Symbolbild. Foto: Unsplash

Hausarztpraxen sind bei der Bewältigung der Pandemie stark gefordert, für den Mehraufwand durch Omikron hat ihr regionaler Berufsverband nun „einen finanziellen Ausgleich“ gefordert. Ist das berechtigt, wie sieht der Alltag vor Ort derzeit aus? Wir haben in einer Schildgener Hausarztpraxis nachgefragt – und sehr unterschiedliche Antworten erhalten.

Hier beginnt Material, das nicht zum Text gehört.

(* Let $\pi_0,\pi_1:\mathcal X\to\{0,1\}$ be measurable policies. The parameter $\mathrm{FNA}_{\pi_0\to\pi_1}$ is identifiable (i.e., its identified set $\mathcal S(\mathrm{FNA}_{\pi_0\to\pi_1};P)$ is a singleton) if and only if, for $P$-almost every $X$, at least one of the following holds: $\pi_0(X)=\pi_1(X)$, or $\operatorname{Var}_P(Y\mid X,A=0)=0$, or $\operatorname{Var}_P(Y\mid X,A=1)=0$.
   Context: Let $\mathcal X$ be a measurable covariate space. A full (unobservable) distribution $\mathbb P$ is a law of $(X,A,Y(0),Y(1))$ with $X\in\mathcal X$, $A\in\{0,1\}$, $Y(0),Y(1)\in\{0,1\}$. The coarsening map $\mathcal C(x,a,y_0,y_1)=(x,a,ay_1+(1-a)y_0)$ induces the observed-data distribution $P=\mathbb P\circ\mathcal C^{-1}$ of $(X,A,Y)$, where $Y=Y(A)$. Write $e(X)=P(A=1\mid X)$ and assume overlap: $e(X)\in(0,1)$ a.s. Let $\mu(X,a)=E_P[Y\mid X,A=a]$. For policies $\pi_0,\pi_1:\mathcal X\to\{0,1\}$, define $\mathrm{FNA}_{\pi_0\to\pi_1}(\mathbb P)=\mathbb P\big(Y(\pi_0(X))=1,\,Y(\pi_1(X))=0\big)$. For a parameter $\psi(\mathbb P)$ its identified set is $\mathcal S(\psi;P)=\{\psi(\mathbb P):\ \mathbb P\circ\mathcal C^{-1}=P,\ \mathbb P(A=1\mid X)=\mathbb P(A=1\mid X,Y(a))\text{ for }a=0,1\}$ (the last condition is unconfoundedness). The parameter is identifiable if $|\mathcal S(\psi;P)|=1$. *)

theory Defs
  imports "HOL-Probability.Probability"
begin

text \<open>Full data: (X, (A, Y0, Y1)) with X in the covariate space M; observed data: (X, (A, Y)).
  Policies and binary variables are encoded as bool (True = 1).\<close>

type_synonym full_out = "bool \<times> bool \<times> bool"   (* (A, Y(0), Y(1)) *)
type_synonym obs_out = "bool \<times> bool"           (* (A, Y) *)

definition full_space :: "'x measure \<Rightarrow> ('x \<times> full_out) measure" where
  "full_space M = M \<Otimes>\<^sub>M count_space UNIV"

definition obs_space :: "'x measure \<Rightarrow> ('x \<times> obs_out) measure" where
  "obs_space M = M \<Otimes>\<^sub>M count_space UNIV"

definition coarsen :: "'x \<times> full_out \<Rightarrow> 'x \<times> obs_out" where
  "coarsen = (\<lambda>(x, a, y0, y1). (x, a, if a then y1 else y0))"

definition pot :: "bool \<Rightarrow> bool \<times> bool \<Rightarrow> bool" where
  "pot t = (\<lambda>(y0, y1). if t then y1 else y0)"

text \<open>Law on M x (finite set) given by covariate law nu and a measurable
  conditional pmf kernel k (the conditional law of the finite part given X).\<close>
definition kernel_law :: "'x measure \<Rightarrow> ('x \<Rightarrow> 'w pmf) \<Rightarrow> ('x \<times> 'w) measure" where
  "kernel_law nu k = density (nu \<Otimes>\<^sub>M count_space UNIV) (\<lambda>(x, w). ennreal (pmf (k x) w))"

definition pmf_kernel :: "'x measure \<Rightarrow> ('x \<Rightarrow> 'w pmf) \<Rightarrow> bool" where
  "pmf_kernel M k \<longleftrightarrow> (\<forall>w. (\<lambda>x. pmf (k x) w) \<in> borel_measurable M)"

definition unconf_at :: "full_out pmf \<Rightarrow> bool" where
  "unconf_at q \<longleftrightarrow> (\<forall>t y. measure_pmf.prob q {(a, ys). pot t ys = y} > 0 \<longrightarrow>
      measure_pmf.prob q {(a, ys). a \<and> pot t ys = y} / measure_pmf.prob q {(a, ys). pot t ys = y}
        = measure_pmf.prob q {(a, ys). a})"

text \<open>A full law PP (a probability measure on the full space) is unconfounded if
  its conditional law of (A,Y(0),Y(1)) given X (which exists since the second
  component is finite and is a.e. unique) satisfies the condition a.e. in X.\<close>
definition unconfounded :: "'x measure \<Rightarrow> ('x \<times> full_out) measure \<Rightarrow> bool" where
  "unconfounded M PP \<longleftrightarrow> (\<exists>q. pmf_kernel M q \<and> PP = kernel_law (distr PP M fst) q \<and>
      (AE x in distr PP M fst. unconf_at (q x)))"

definition FNA :: "'x measure \<Rightarrow> ('x \<Rightarrow> bool) \<Rightarrow> ('x \<Rightarrow> bool) \<Rightarrow> ('x \<times> full_out) measure \<Rightarrow> real" where
  "FNA M pi0 pi1 PP = measure PP
     {(x, a, ys). x \<in> space M \<and> pot (pi0 x) ys \<and> \<not> pot (pi1 x) ys}"

definition ident_set :: "'x measure \<Rightarrow> (('x \<times> full_out) measure \<Rightarrow> real)
     \<Rightarrow> ('x \<times> obs_out) measure \<Rightarrow> real set" where
  "ident_set M psi P = {psi PP | PP. prob_space PP \<and> sets PP = sets (full_space M) \<and>
       distr PP (obs_space M) coarsen = P \<and> unconfounded M PP}"

text \<open>Observed-law quantities computed from the conditional law r x of (A,Y) given X = x.\<close>
definition prop_score :: "('x \<Rightarrow> obs_out pmf) \<Rightarrow> 'x \<Rightarrow> real" where
  "prop_score r x = measure_pmf.prob (r x) {w. fst w}"

definition cond_mean :: "('x \<Rightarrow> obs_out pmf) \<Rightarrow> 'x \<Rightarrow> bool \<Rightarrow> real" where
  "cond_mean r x a = (\<Sum>y\<in>UNIV. pmf (r x) (a, y) * of_bool y) / measure_pmf.prob (r x) {w. fst w = a}"

definition cond_var :: "('x \<Rightarrow> obs_out pmf) \<Rightarrow> 'x \<Rightarrow> bool \<Rightarrow> real" where
  "cond_var r x a = (\<Sum>y\<in>UNIV. pmf (r x) (a, y) * (of_bool y - cond_mean r x a)\<^sup>2)
                     / measure_pmf.prob (r x) {w. fst w = a}"

end

theory Submission
  imports Defs
begin

text \<open>Under unconfoundedness and overlap the observed law pins down, at each covariate value,
  the marginal laws of Y(0) and Y(1): P(Y(t) = 1 | X) is the mean m t of Y among units with A = t.
  It leaves their coupling open: c = P(Y(0) = Y(1) = 1 | X) can be any value in the
  Frechet-Hoeffding interval [max 0 (m0 + m1 - 1), min m0 m1], and every such c is realised by a
  completion in which treatment is drawn independently of (Y(0), Y(1)). Where the policies disagree,
  the integrand of FNA is m (pi0 X) - c, so FNA is identified iff this interval is a.e. a single
  point on the disagreement set, i.e. iff one of the conditional means is 0 or 1, i.e. one of the
  conditional variances m (1 - m) vanishes.\<close>

lemma sum_UNIV_prod:
  "(\<Sum>w\<in>(UNIV :: ('a::finite \<times> 'b::finite) set). f w) = (\<Sum>a\<in>UNIV. \<Sum>b\<in>UNIV. f (a, b))"
  by (simp add: sum.cartesian_product flip: UNIV_Times_UNIV)

lemma measure_pmf_eq_sum_UNIV:
  "measure_pmf.prob p A = (\<Sum>w\<in>UNIV. pmf p w * indicator A w)" for p :: "'w::finite pmf"
  by (simp add: measure_measure_pmf_finite indicator_def sum.If_cases)

lemma sum_pmf_UNIV: "(\<Sum>w\<in>UNIV. pmf p w) = 1" for p :: "'w::finite pmf"
  using measure_pmf_eq_sum_UNIV[of p UNIV] by simp

lemma sum_UNIV_bool: "(\<Sum>b\<in>UNIV. f b) = f False + f True"
  by (simp add: UNIV_bool)

lemmas expand_finite_pmf = measure_pmf_eq_sum_UNIV sum_UNIV_prod sum_UNIV_bool

lemmas measure_pair_pmf_Times = measure_pmf_prob_product[OF countableI_type countableI_type]

lemma bernoulli_variance:
  fixes a b :: real
  defines "m \<equiv> a / (a + b)"
  shows "(b * m\<^sup>2 + a * (1 - m)\<^sup>2) / (a + b) = m * (1 - m)"
proof (cases "a + b = 0")
  case False
  define s where "s = a + b"
  have a: "a = m * s" and b: "b = (1 - m) * s"
    using False by (simp_all add: m_def s_def field_simps)
  have "b * m\<^sup>2 + a * (1 - m)\<^sup>2 = s * (m * (1 - m))"
    unfolding a b by (simp add: power2_eq_square algebra_simps)
  with False show ?thesis by (simp add: s_def)
qed (simp add: m_def)

definition observe :: "full_out \<Rightarrow> obs_out" where
  "observe = (\<lambda>(a, ys). (a, pot a ys))"

lemma pmf_map_observe:
  "pmf (map_pmf observe q) (t, y) = measure_pmf.prob q {(a, ys). a = t \<and> pot t ys = y}"
proof -
  have "observe -` {(t, y)} = {(a, ys). a = t \<and> pot t ys = y}"
    by (auto simp: observe_def)
  then show ?thesis by (simp add: pmf_map)
qed

lemma prob_treatment_map_observe:
  "measure_pmf.prob (map_pmf observe q) {w. fst w = t} = measure_pmf.prob q {(a, ys). a = t}"
proof -
  have "observe -` {w. fst w = t} = {(a, ys). a = t}"
    by (auto simp: observe_def)
  then show ?thesis by simp
qed

text \<open>As in cond_mean, the mean is 0 when P(A = t) = 0.\<close>
definition outcome_mean :: "obs_out pmf \<Rightarrow> bool \<Rightarrow> real" where
  "outcome_mean p t = pmf p (t, True) / measure_pmf.prob p {w. fst w = t}"

lemma prob_treatment_eq: "measure_pmf.prob p {w. fst w = t} = pmf p (t, True) + pmf p (t, False)"
  for p :: "obs_out pmf"
  by (cases t) (simp_all add: expand_finite_pmf)

lemma outcome_mean_bounds: "0 \<le> outcome_mean p t" "outcome_mean p t \<le> 1"
  by (simp_all add: outcome_mean_def prob_treatment_eq divide_le_eq_1 add_nonneg_pos)
    (smt (verit) pmf_nonneg)

lemma pmf_treated_success_eq:
  "pmf p (t, True) = measure_pmf.prob p {w. fst w = t} * outcome_mean p t"
  by (cases "measure_pmf.prob p {w. fst w = t} = 0")
    (auto simp: outcome_mean_def prob_treatment_eq add_nonneg_eq_0_iff)

lemma overlap_imp_treatment_pos:
  fixes p :: "obs_out pmf"
  assumes "0 < measure_pmf.prob p {w. fst w}" "measure_pmf.prob p {w. fst w} < 1"
  shows "0 < measure_pmf.prob p {w. fst w = t}"
  using assms sum_pmf_UNIV[of p] prob_treatment_eq[of p True] prob_treatment_eq[of p False]
  by (cases t) (simp_all add: sum_UNIV_prod sum_UNIV_bool)

lemma cond_mean_eq_outcome_mean: "cond_mean r x t = outcome_mean (r x) t"
  by (simp add: cond_mean_def outcome_mean_def UNIV_bool)

lemma cond_var_eq_outcome_mean:
  "cond_var r x t = outcome_mean (r x) t * (1 - outcome_mean (r x) t)"
proof -
  let ?a = "pmf (r x) (t, True)" and ?b = "pmf (r x) (t, False)"
  have "cond_var r x t = (?b * (?a / (?a + ?b))\<^sup>2 + ?a * (1 - ?a / (?a + ?b))\<^sup>2) / (?a + ?b)"
    by (simp add: cond_var_def cond_mean_eq_outcome_mean outcome_mean_def prob_treatment_eq UNIV_bool)
  then show ?thesis
    by (simp add: bernoulli_variance outcome_mean_def prob_treatment_eq)
qed

section \<open>Harm probability and its identification\<close>

definition joint_success :: "full_out pmf \<Rightarrow> real" where
  "joint_success q = measure_pmf.prob q {(a, y0, y1). y0 \<and> y1}"

definition harm_event :: "bool \<Rightarrow> bool \<Rightarrow> full_out set" where
  "harm_event t0 t1 = {(a, ys). pot t0 ys \<and> \<not> pot t1 ys}"

lemma prob_harm_eq:
  "measure_pmf.prob q (harm_event t0 t1) =
     (if t0 = t1 then 0 else measure_pmf.prob q {(a, ys). pot t0 ys} - joint_success q)"
  unfolding harm_event_def joint_success_def expand_finite_pmf
  by (cases t0; cases t1) (simp_all add: pot_def)

definition frechet_interval :: "real \<Rightarrow> real \<Rightarrow> real set" where
  "frechet_interval m0 m1 = {max 0 (m0 + m1 - 1) .. min m0 m1}"

lemma frechet_interval_degenerate_iff:
  fixes m0 m1 :: real
  assumes "0 \<le> m0" "m0 \<le> 1" "0 \<le> m1" "m1 \<le> 1"
  shows "max 0 (m0 + m1 - 1) = min m0 m1 \<longleftrightarrow> m0 = 0 \<or> m0 = 1 \<or> m1 = 0 \<or> m1 = 1"
proof
  assume eq: "max 0 (m0 + m1 - 1) = min m0 m1"
  show "m0 = 0 \<or> m0 = 1 \<or> m1 = 0 \<or> m1 = 1"
  proof (cases "m0 + m1 \<le> 1")
    case True
    then have "min m0 m1 = 0" using eq by simp
    then show ?thesis by (auto simp: min_def split: if_splits)
  next
    case False
    then have "m0 + m1 - 1 = min m0 m1" using eq by (simp add: max_def)
    then show ?thesis by (auto simp: min_def split: if_splits)
  qed
qed (use assms in auto)

lemma joint_success_mem_frechet_interval:
  fixes q :: "full_out pmf"
  shows "joint_success q \<in>
    frechet_interval (measure_pmf.prob q {(a, ys). pot False ys})
      (measure_pmf.prob q {(a, ys). pot True ys})"
  using sum_pmf_UNIV[of q]
  unfolding frechet_interval_def joint_success_def expand_finite_pmf
  by (simp add: pot_def) (smt (verit) pmf_nonneg)

lemma unconf_at_indep:
  fixes q :: "full_out pmf"
  assumes "unconf_at q"
  shows "measure_pmf.prob q {(a, ys). a = s \<and> pot t ys = y} =
    measure_pmf.prob q {(a, ys). a = s} * measure_pmf.prob q {(a, ys). pot t ys = y}"
proof -
  let ?P = "measure_pmf.prob q" and ?E = "{(a, ys). pot t ys = y}"
  have treated: "?P {(a, ys). a \<and> pot t ys = y} = ?P {(a, ys). a} * ?P ?E"
  proof (cases "?P ?E = 0")
    case True
    moreover have "?P {(a, ys). a \<and> pot t ys = y} \<le> ?P ?E"
      by (rule measure_pmf.finite_measure_mono) auto
    ultimately show ?thesis by (simp add: measure_le_0_iff)
  next
    case False
    then have "0 < ?P ?E" by (simp add: zero_less_measure_iff)
    with assms show ?thesis by (simp add: unconf_at_def divide_eq_eq)
  qed
  show ?thesis
  proof (cases s)
    case False
    have eqs: "{(a, ys). a = s \<and> pot t ys = y} = ?E - {(a, ys). a \<and> pot t ys = y}"
      "{(a, ys). a = s} = UNIV - {(a, ys). a}"
      using False by auto
    have "?P (?E - {(a, ys). a \<and> pot t ys = y}) = ?P ?E - ?P {(a, ys). a \<and> pot t ys = y}"
      by (rule measure_pmf.finite_measure_Diff) auto
    moreover have "?P (UNIV - {(a, ys). a}) = 1 - ?P {(a, ys). a}"
      using measure_pmf.prob_compl[of "{(a, ys). a}" q] by simp
    ultimately show ?thesis
      unfolding eqs using treated by (simp add: left_diff_distrib)
  qed (use treated in simp)
qed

Es ist 18 Uhr. Der letzte Patient verlässt die Gemeinschaftspraxis Schildgen. Dr. Christian Schulz erwarten jetzt noch etwa zwei Stunden Arbeit am Computer. Er wirkt trotzdem entspannt: „Omikron bereitet mir persönlich nicht mehr Aufwand als Corona insgesamt.“

Natürlich rufen immer mehr Patient:innen mit einem positiven Testergebnis an. Doch die darf er telefonisch beraten, Krankmeldungen per Post zustellen. Forderungen nach höheren Honoraren für die hausärztlichen Leistungen kann er daher nicht nachvollziehen: „Wir kriegen meiner Meinung nach eine gute Bezahlung für die Impfungen, eine gute Entschädigung für die anfallenden Formalitäten. Noch mehr Geld zu erwarten, finde ich nicht gerechtfertigt.“

Zumindest nicht für die Hausärzt:innen selbst. Eine bessere Vergütung der „Leistungen der Praxisteams“, die der Verband ebenfalls fordert, unterstützt er dagegen – denn: Der Mehraufwand liege ganz klar auf den Schultern der Arzthelferinnen.

Immer mehr positive Fälle

Das bestätigt Mara Kramm, medizinische Fachangestellte in der Praxis, die Christian Schulz zusammen mit einer Kollegin führt. Ihr Job habe sich mit Beginn der Pandemie komplett verändert – und Omikron spitze das Ganze noch einmal zu. Das Telefon stehe nie still, das elektronische Postfach quille über.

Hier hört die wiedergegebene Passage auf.